I need to serialize a java object which might change later on, like some of the variables can be added or removed. What are the pit falls of such an approach and What precautions should I take, if this remains the only way out.
You definitely need to add a serialVersionUID field right from the beginning.
Changes might make the serialized objects incompatible. Adding and removing fields can cause the violation of class contracts (up to the point of Exceptions being thrown) when deserializing instances where the field was not present in a class version that expects it to be - the field is set to the type's default value in that case; the most likely problems are NullPointerExceptions. This can be averted by implementing readObject() and writeObject(). Other changes (such as changing a field's type) can cause the deserialization to fail entirely.
As Michael pointed out Java provides some support for serialization with java.io.Serializable. The main problem with the Java support is that versioning is clunky and requires to user to deal with it.
Instead I would recommend something like Googles Protocol Buffers or Apache Thrift. For both you define the object in a very simple language and then they will generate the serialization code for you. Both also handle all the versioning for you such that you don't have to worry about if you are reading an old or a new version of the object.

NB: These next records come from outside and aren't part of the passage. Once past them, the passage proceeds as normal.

lemma Q_root_power_ne_1:
  assumes split_L: "splitting_field_F2 fT TYPE('l::field)" and prim: "primitive_F2 fT TYPE('l)"
    and split_K: "splitting_field_F2 Q TYPE('k::field)" and irr_Q: "irreducible Q"
    and root: "eval_F2 Q (\<mu>::'k) = 0"
    and p: "prime p" "p dvd card (UNIV - {0::'l})"
  shows "\<mu> ^ (card (UNIV - {0::'k}) div p) \<noteq> 1"
proof -
  define q where "q = (2::nat) ^ m"
  define N where "N = (\<Sum>j<n. q ^ j)"
  have irr_fT: "irreducible fT" using prim by (simp add: primitive_F2_def)
  have char_L: "CHAR('l) = 2" and char_K: "CHAR('k) = 2"
    using split_L split_K by (simp_all add: splitting_field_F2_def)
  have q_gt_1: "1 < q"
    using irreducible_degree_pos[OF irr_fT] degree_fT one_less_power[of "2::nat" m] by (simp add: q_def)
  obtain \<beta> :: 'l where \<beta>: "eval_F2 fT \<beta> = 0"
    using splitting_field_F2_ex_root[OF split_L irreducible_degree_pos[OF irr_fT]] by blast
  have fin_L: "finite (UNIV :: 'l set)" and card_L: "card (UNIV - {0::'l}) = q - 1"
    using card_splitting_field[OF split_L irr_fT \<beta>] degree_fT by (simp_all add: q_def card_Diff_singleton)
  have card_K: "card (UNIV - {0::'k}) = (q - 1) * N"
    unfolding q_def N_def by (rule card_units_splitting_field_Q[OF split_K irr_Q root])
  have gen: "\<forall>y. y \<noteq> 0 \<longrightarrow> (\<exists>k. y = \<beta> ^ k)"
    using prim \<beta> unfolding primitive_F2_def by blast
  have "card (UNIV - {0::'l}) \<noteq> 1" using p by auto
  then have "\<beta> ^ e = 1 \<longleftrightarrow> (q - 1) dvd e" for e
    using generator_power_eq_1_iff[OF fin_L gen] card_L by simp
  moreover have norm_root: "eval_F2 fT (\<mu> ^ N) = 0"
    using fT_root_at_Q_root(2)[OF char_K root] Q_root_quotient_eq_norm[OF split_K irr_Q irr_fT root]
    by (simp add: N_def q_def)
  ultimately have "(\<mu> ^ N) ^ e = 1 \<longleftrightarrow> (q - 1) dvd e" for e
    using power_eq_1_iff_of_common_root[OF char_K char_L irr_fT norm_root \<beta>] by simp
  then have "(\<mu> ^ N) ^ ((q - 1) div p) \<noteq> 1"
    by (rule power_div_prime_ne_1) (use q_gt_1 p card_L in auto)
  moreover have "card (UNIV - {0::'k}) div p = N * ((q - 1) div p)"
    using card_K p card_L by (simp add: div_mult_swap mult.commute)
  ultimately show ?thesis by (simp add: power_mult)
qed

end
lemma n_lambda_parity:
  fixes src tgt :: "'e::finite \<Rightarrow> 'v::finite"
  assumes "symmetric_quiver src tgt"
  shows "even (n_lambda src tgt d l - (\<Sum>i\<in>UNIV. n_lambda_coeff src tgt d i * weight_sum d l i))"
proof -
  let ?m = "edge_count src tgt" and ?F = "pos_block d l" and ?s = "weight_sum d l"
  have edges: "(\<Sum>e\<in>UNIV. \<Sum>a<d (src e). \<Sum>b<d (tgt e). pos_part (l (src e, a) - l (tgt e, b)))
      = (\<Sum>i\<in>UNIV. \<Sum>j\<in>UNIV. ?m i j * ?F i j)"
    using sum_over_edges[of ?F src tgt] by (simp add: pos_block_def)
  have offdiag: "even ((\<Sum>i\<in>UNIV. \<Sum>j\<in>UNIV. ?m i j * (?F i j - int (d j) * ?s i))
      - (\<Sum>i\<in>UNIV. ?m i i * (?F i i - int (d i) * ?s i)))"
  proof (rule even_offdiag_sum)
    fix i j
    have "?m i j * (?F i j - int (d j) * ?s i) + ?m j i * (?F j i - int (d i) * ?s j)
        = ?m i j * (?F i j + ?F j i - (int (d j) * ?s i + int (d i) * ?s j))"
      using edge_count_sym[OF assms, of i j] by (simp add: algebra_simps)
    then show "even (?m i j * (?F i j - int (d j) * ?s i) + ?m j i * (?F j i - int (d i) * ?s j))"
      using even_pos_block_swap[of d l i j] by simp
  qed simp
  have loops: "even (\<Sum>i\<in>UNIV. ?m i i * (?F i i - (int (d i) - 1) * ?s i))"
    by (intro dvd_sum dvd_mult even_pos_block_diag)
  have diag: "even (\<Sum>i\<in>UNIV. ?F i i - (int (d i) - 1) * ?s i)"
    by (intro dvd_sum even_pos_block_diag)
  have "n_lambda src tgt d l - (\<Sum>i\<in>UNIV. n_lambda_coeff src tgt d i * ?s i)
     = ((\<Sum>i\<in>UNIV. \<Sum>j\<in>UNIV. ?m i j * (?F i j - int (d j) * ?s i))
         - (\<Sum>i\<in>UNIV. ?m i i * (?F i i - int (d i) * ?s i)))
       + (\<Sum>i\<in>UNIV. ?m i i * (?F i i - (int (d i) - 1) * ?s i))
       - (\<Sum>i\<in>UNIV. ?F i i - (int (d i) - 1) * ?s i)"
    unfolding n_lambda_def edges n_lambda_coeff_def
    by (simp add: pos_block_def sum.distrib sum_subtractf sum_distrib_left sum_distrib_right
        algebra_simps)
  also have "even \<dots>"
    using offdiag loops diag by simp
  finally show ?thesis .
qed

definition total_dim :: "('v::finite \<Rightarrow> nat) \<Rightarrow> nat" where
  "total_dim d = (\<Sum>i\<in>UNIV. d i)"

lemma total_dim_pos: "d \<noteq> (\<lambda>_. 0) \<Longrightarrow> total_dim d > 0"
  by (auto simp: total_dim_def)

lemma total_dim_sum_list: "total_dim (\<lambda>i. \<Sum>q\<leftarrow>P. q i) = (\<Sum>q\<leftarrow>P. total_dim q)"
  by (induction P) (simp_all add: total_dim_def sum.distrib)

lemma wt_idx_Sigma: "wt_idx d = (SIGMA i:UNIV. {..<d i})"
  by (auto simp: wt_idx_def)

lemma sum_wt_idx:
  fixes d :: "'v::finite \<Rightarrow> nat"
  shows "(\<Sum>x\<in>wt_idx d. f x) = (\<Sum>i\<in>UNIV. \<Sum>a<d i. f (i, a))"
  unfolding wt_idx_Sigma by (subst sum.Sigma) auto

lemma sum_const_wt_idx: "(\<Sum>x\<in>wt_idx d. c) = int (total_dim d) * (c::int)"
  unfolding sum_wt_idx by (simp add: total_dim_def sum_distrib_right)

lemma sum_list_concat: "sum_list (concat xss) = sum_list (map sum_list xss)"
  by (induction xss) simp_all

lemma sum_list_map_upt_0: "sum_list (map f [0..<n]) = (\<Sum>k<n. f k)"
  by (simp add: interv_sum_list_conv_sum_set_nat atLeast0LessThan)

definition stacked_values :: "('v \<Rightarrow> nat) list \<Rightarrow> (nat \<Rightarrow> int) \<Rightarrow> 'v \<Rightarrow> int list" where
  "stacked_values P \<phi> i = concat (map (\<lambda>j. replicate ((P ! j) i) (\<phi> j)) [0..<length P])"

lemma length_stacked_values: "length (stacked_values P \<phi> i) = (\<Sum>q\<leftarrow>P. q i)"
proof -
  have "length (stacked_values P \<phi> i) = (\<Sum>j\<leftarrow>[0..<length P]. (P ! j) i)"
    by (simp add: stacked_values_def length_concat o_def)
  also have "\<dots> = (\<Sum>q\<leftarrow>P. q i)"
    by (subst (2) map_nth[symmetric]) (simp add: o_def)
  finally show ?thesis .
qed

lemma sum_list_stacked_values:
  "sum_list (stacked_values P \<phi> i) = (\<Sum>j<length P. int ((P ! j) i) * \<phi> j)"
  by (simp add: stacked_values_def sum_list_concat o_def sum_list_map_upt_0 sum_list_replicate)

lemma count_stacked_values:
  assumes "inj \<phi>" and "j < length P"
  shows "length (filter ((=) (\<phi> j)) (stacked_values P \<phi> i)) = (P ! j) i"
proof -
  have "length (filter ((=) (\<phi> j)) (stacked_values P \<phi> i))
      = (\<Sum>k<length P. if \<phi> j = \<phi> k then (P ! k) i else 0)"
    by (auto simp: stacked_values_def filter_concat length_concat o_def filter_replicate
        sum_list_map_upt_0 intro!: sum.cong)
  also have "\<dots> = (\<Sum>k<length P. if k = j then (P ! k) i else 0)"
    using assms(1) by (intro sum.cong) (auto dest: injD)
  finally show ?thesis
    using assms(2) by simp
qed

lemma set_stacked_values:
  "set (stacked_values P \<phi> i) = \<phi> ` {j. j < length P \<and> (P ! j) i \<noteq> 0}"
  by (auto simp: stacked_values_def)

lemma sorted_list_of_set_image_strict_mono:
  fixes \<phi> :: "nat \<Rightarrow> 'a::linorder"
  assumes "strict_mono \<phi>"
  shows "sorted_list_of_set (\<phi> ` {..<n}) = map \<phi> [0..<n]"
proof (rule sorted_distinct_set_unique)
  show "sorted (map \<phi> [0..<n])"
    unfolding sorted_map
    by (rule sorted_wrt_mono_rel[OF _ sorted_wrt_upt]) (use assms in \<open>simp add: strict_mono_less_eq\<close>)
  show "distinct (map \<phi> [0..<n])"
    using strict_mono_imp_inj_on[OF assms] by (simp add: distinct_map inj_on_def)
qed (auto simp: atLeast0LessThan)

definition stacked_cochar ::
    "('v \<Rightarrow> nat) \<Rightarrow> ('v \<Rightarrow> nat) list \<Rightarrow> (nat \<Rightarrow> int) \<Rightarrow> 'v \<times> nat \<Rightarrow> int"
  where
  "stacked_cochar d P \<phi> = (\<lambda>(i, a). if a < d i then stacked_values P \<phi> i ! a else 0)"

lemma stacked_cochar_in_cochars: "stacked_cochar d P \<phi> \<in> cochars d"
  by (auto simp: cochars_def stacked_cochar_def wt_idx_def)

lemma length_stacked_values_partition:
  "is_partition d P \<Longrightarrow> length (stacked_values P \<phi> i) = d i"
  by (simp add: length_stacked_values is_partition_def)

lemma image_stacked_cochar:
  assumes "is_partition d P"
  shows "stacked_cochar d P \<phi> ` wt_idx d = \<phi> ` {..<length P}"
proof -
  have "stacked_cochar d P \<phi> ` wt_idx d = (\<Union>i. set (stacked_values P \<phi> i))"
    using length_stacked_values_partition[OF assms]
    by (force simp: stacked_cochar_def wt_idx_def in_set_conv_nth)
  also have "\<dots> = \<phi> ` {j. j < length P \<and> (\<exists>i. (P ! j) i \<noteq> 0)}"
    unfolding set_stacked_values by blast
  also have "{j. j < length P \<and> (\<exists>i. (P ! j) i \<noteq> 0)} = {..<length P}"
  proof -
    have "\<exists>i. (P ! j) i \<noteq> 0" if "j < length P" for j
      using assms nth_mem[OF that] by (auto simp: is_partition_def fun_eq_iff)
    then show ?thesis
      by auto
  qed
  finally show ?thesis .
qed

lemma assoc_partition_stacked_cochar:
  assumes "is_partition d P" and "strict_mono \<phi>"
  shows "assoc_partition d (stacked_cochar d P \<phi>) = P"
proof -
  have "card {a. a < d i \<and> stacked_cochar d P \<phi> (i, a) = \<phi> j} = (P ! j) i"
    if "j < length P" for i j
  proof -
    have "{a. a < d i \<and> stacked_cochar d P \<phi> (i, a) = \<phi> j}
        = {a. a < length (stacked_values P \<phi> i) \<and> stacked_values P \<phi> i ! a = \<phi> j}"
      using length_stacked_values_partition[OF assms(1)] by (auto simp: stacked_cochar_def)
    then show ?thesis
      using count_stacked_values[OF strict_mono_imp_inj_on[OF assms(2)] that]
      by (simp add: length_filter_conv_card eq_commute)
  qed
  then have "map (\<lambda>v i. card {a. a < d i \<and> stacked_cochar d P \<phi> (i, a) = v}) (map \<phi> [0..<length P])
      = map (\<lambda>j. P ! j) [0..<length P]"
    by auto
  then show ?thesis
    by (simp add: assoc_partition_def image_stacked_cochar[OF assms(1)]
        sorted_list_of_set_image_strict_mono[OF assms(2)] map_nth)
qed

lemma sum_stacked_cochar:
  fixes d :: "'v::finite \<Rightarrow> nat"
  assumes "is_partition d P"
  shows "(\<Sum>x\<in>wt_idx d. stacked_cochar d P \<phi> x) = (\<Sum>j<length P. \<phi> j * int (total_dim (P ! j)))"
proof -
  have "(\<Sum>x\<in>wt_idx d. stacked_cochar d P \<phi> x) = (\<Sum>i\<in>UNIV. sum_list (stacked_values P \<phi> i))"
    using length_stacked_values_partition[OF assms]
    by (simp add: sum_wt_idx stacked_cochar_def sum_list_sum_nth atLeast0LessThan)
  also have "\<dots> = (\<Sum>j<length P. \<phi> j * int (total_dim (P ! j)))"
    unfolding sum_list_stacked_values total_dim_def
    by (subst sum.swap) (simp add: sum_distrib_left mult.commute)
  finally show ?thesis .
qed

definition balancing_weight ::
    "('e::finite \<Rightarrow> 'v::finite) \<Rightarrow> ('e \<Rightarrow> 'v) \<Rightarrow> ('v \<Rightarrow> nat) \<Rightarrow> 'v \<times> nat \<Rightarrow> real"
  where
  "balancing_weight src tgt d = (\<lambda>(i, a).
     if a < d i then - of_int (n_lambda_coeff src tgt d i) / 2 + 1 / real (total_dim d) else 0)"

lemma balancing_weight_in_inv_real_weights: "balancing_weight src tgt d \<in> inv_real_weights d"
  by (auto simp: inv_real_weights_def real_weights_def wt_idx_def balancing_weight_def)

lemma pairing_balancing_weight:
  fixes src tgt :: "'e::finite \<Rightarrow> 'v::finite"
  shows "pairing d l (balancing_weight src tgt d)
    = - of_int (\<Sum>i\<in>UNIV. n_lambda_coeff src tgt d i * weight_sum d l i) / 2
      + of_int (\<Sum>x\<in>wt_idx d. l x) / real (total_dim d)"
  by (simp add: pairing_def sum_wt_idx balancing_weight_def weight_sum_def distrib_left
      sum.distrib sum_distrib_left sum_distrib_right sum_divide_distrib sum_negf sum_subtractf
      algebra_simps)

lemma integral_iff_total_dim_dvd:
  fixes src tgt :: "'e::finite \<Rightarrow> 'v::finite"
  assumes "symmetric_quiver src tgt" and "total_dim d > 0"
  shows "of_int (n_lambda src tgt d l) / 2 + pairing d l (balancing_weight src tgt d) \<in> \<int>
    \<longleftrightarrow> int (total_dim d) dvd (\<Sum>x\<in>wt_idx d. l x)"
proof -
  obtain k where "n_lambda src tgt d l - (\<Sum>i\<in>UNIV. n_lambda_coeff src tgt d i * weight_sum d l i) = 2 * k"
    using n_lambda_parity[OF assms(1), of d l] by (rule dvdE)
  then have k: "n_lambda src tgt d l = (\<Sum>i\<in>UNIV. n_lambda_coeff src tgt d i * weight_sum d l i) + 2 * k"
    by simp
  have "of_int (n_lambda src tgt d l) / 2 + pairing d l (balancing_weight src tgt d)
      = of_int k + of_int (\<Sum>x\<in>wt_idx d. l x) / of_int (int (total_dim d))"
    by (simp add: k pairing_balancing_weight add_divide_distrib)
  moreover have "of_int (\<Sum>x\<in>wt_idx d. l x) / of_int (int (total_dim d)) \<in> (\<int> :: real set)
      \<longleftrightarrow> int (total_dim d) dvd (\<Sum>x\<in>wt_idx d. l x)"
    using assms(2) by (simp only: of_int_div_of_int_in_Ints_iff) simp
  ultimately show ?thesis
    by simp
qed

For example if you have a type foo() which has a field bar and you write a bunch of foo objects to disk. Then some time later you add a field baz to foo and write a few more foo objects to disk. When you read them back they will all be foo objects, it will seem as if all of the original foo objects simply never set their baz field.
I suppose the short answer would be that you will have to implement some sort of custom deserialization process, that will know of the changes and will deserialize older versions of an object in a correct way. You should also include the serialVersionUID field that will keep track of you version and will help you find out if a serialized object is an old version. You can read more about this here
When you now that your serialized object will change in the future, you should create a new serialzed Object with another namespace, instead of changing an existing one.

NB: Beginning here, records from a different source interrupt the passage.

theorem lemmaA1:
  fixes r :: "'a::metric_space"
    and w1 w2 :: "'a \<Rightarrow> real" and b lam :: real and \<mu> \<nu> :: "'a measure"
  assumes tree: "finite_rooted_metric_tree (UNIV :: 'a set) r"
    and b: "b > 0"
    and lam: "lam \<ge> 0"
    and w1: "\<forall>x. w1 x > 0" and w2: "\<forall>x. w2 x > 0"
    and w1m: "w1 \<in> borel_measurable borel" and w2m: "w2 \<in> borel_measurable borel"
    and mu: "\<mu> \<in> finite_borel_measures" and nu: "\<nu> \<in> finite_borel_measures"
    and d0: "ET_dist w1 w2 b lam \<mu> \<nu> = 0"
  shows "\<mu> = \<nu>"
proof -
  have \<mu>: "sets \<mu> = sets borel" "finite_measure \<mu>" and \<nu>: "sets \<nu> = sets borel" "finite_measure \<nu>"
    using mu nu by (auto simp: finite_borel_measures_def)
  have d: "ET_dist w1 w2 b lam \<mu> \<nu> \<le> 0"
    using d0 by simp
  have "ET_dist w2 w1 b lam \<nu> \<mu> \<le> ET_dist w1 w2 b lam \<mu> \<nu>"
    using b by (intro ET_dist_transpose_le) simp
  then have d': "ET_dist w2 w1 b lam \<nu> \<mu> \<le> 0"
    using d0 by simp
  show ?thesis
  proof (rule finite_borel_measure_eqI_closed[OF \<mu> \<nu>])
    fix C :: "'a set" assume "closed C"
    then show "measure \<mu> C = measure \<nu> C"
      using ET_dist_nonpos_imp_measure_closed_le[OF d b lam \<mu> \<nu> w1m] w1
        ET_dist_nonpos_imp_measure_closed_le[OF d' b lam \<nu> \<mu> w2m] w2
      by (simp add: order_antisym)
  qed
qed

end
lemma ap_block_zero_ge:
  assumes "u0 \<ge> 1" and "r \<ge> 1" and "j \<le> r"
  shows "real u0 * (real r + 1) ^ j \<le> ap_block u0 r 0 j * real r"
proof (cases j)
  case 0
  then show ?thesis
    using assms by (simp add: ap_block_def ap_term_def)
next
  case (Suc i)
  have "real ((r + 1) ^ i) \<le> real (r ^ (i + 1))"
    using Suc_power_le_power_Suc[of i r] assms Suc by (simp only: of_nat_le_iff)
  then have "(real r + 1) ^ j \<le> (real r + 1) * (real r ^ i * real r)"
    using Suc by (simp add: mult_left_mono mult.commute add.commute)
  then have "real u0 * (real r + 1) ^ j \<le> real u0 * (real r + 1) * real r ^ i * real r"
    by (simp add: mult_left_mono mult.assoc)
  also have "\<dots> \<le> ap_block u0 r 0 j * real r"
    using ap_block_zero_Suc_ge[OF assms(1), of r i] Suc by (simp add: mult_right_mono)
  finally show ?thesis .
qed

lemma ap_block_mult_power_le_ap_lcm:
  assumes "u0 \<ge> 1" and "r \<ge> 1" and "coprime u0 r" and "k + m \<le> n"
  shows "ap_block u0 r k m * real r ^ (m div r + m div r div r) \<le> real (ap_lcm u0 r n)"
proof -
  define e where "e = m div r + m div r div r"
  define L where "L = ap_lcm u0 r n"
  have terms: "ap_term u0 r k + i * r = ap_term u0 r (k + i)" for i
    by (simp add: ap_term_def algebra_simps)
  have "ap_term u0 r k > 0"
    using assms(1) by (simp add: ap_term_def)
  then have "(\<Prod>i\<le>m. ap_term u0 r k + i * r) * r ^ e dvd L * fact m"
    unfolding e_def L_def using assms
    by (intro prod_ap_mult_power_dvd)
      (auto simp: terms intro: ap_term_dvd_ap_lcm coprime_add_mult_self[unfolded ap_term_def[symmetric]])
  moreover have "L * fact m > 0"
    unfolding L_def using ap_lcm_pos[OF assms(1)] by simp
  ultimately have "(\<Prod>i\<le>m. ap_term u0 r (k + i)) * r ^ e \<le> L * fact m"
    unfolding terms by (rule dvd_imp_le)
  then have "(\<Prod>i\<le>m. real (ap_term u0 r (k + i))) * real r ^ e \<le> real L * fact m"
    by (metis of_nat_fact of_nat_le_iff of_nat_mult of_nat_power of_nat_prod)
  then show ?thesis
    unfolding ap_block_def e_def[symmetric] L_def[symmetric] by (simp add: field_simps)
qed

And adding a serialVersionUID like Michael described is also a ToDo.
Related
What happens if I serialize a Map(or List) with a java version, and I try to deserialize it with other java version, where the serialVersionUID changed? I suppose it will fail.
If you create a lib for others to use what will be the preferred way of serializing objects, using Java Objects like Map, List or using an array of self made objects?
e.g.
List<MyObject> or MyObject[]?
Map<String, MyObject> or MyObject2[] (MyObject2 contains the key and MyObject)?
If you control the class and if you did not change the serialVersionUID also deserialization of an instance of a class from a older version is possible. There for java provides a concept which is called binary compatibility. Most of the flexibility of binary compatibility comes from the use of a late binding of symbolic references for the names of classes, interfaces, fields, methods:
http://docs.oracle.com/javase/7/docs/platform/serialization/spec/version.html
So core classes from java e.g. HashMap, ArrayList, Vector... will be deserializable even if the class will be involved in a future version of java.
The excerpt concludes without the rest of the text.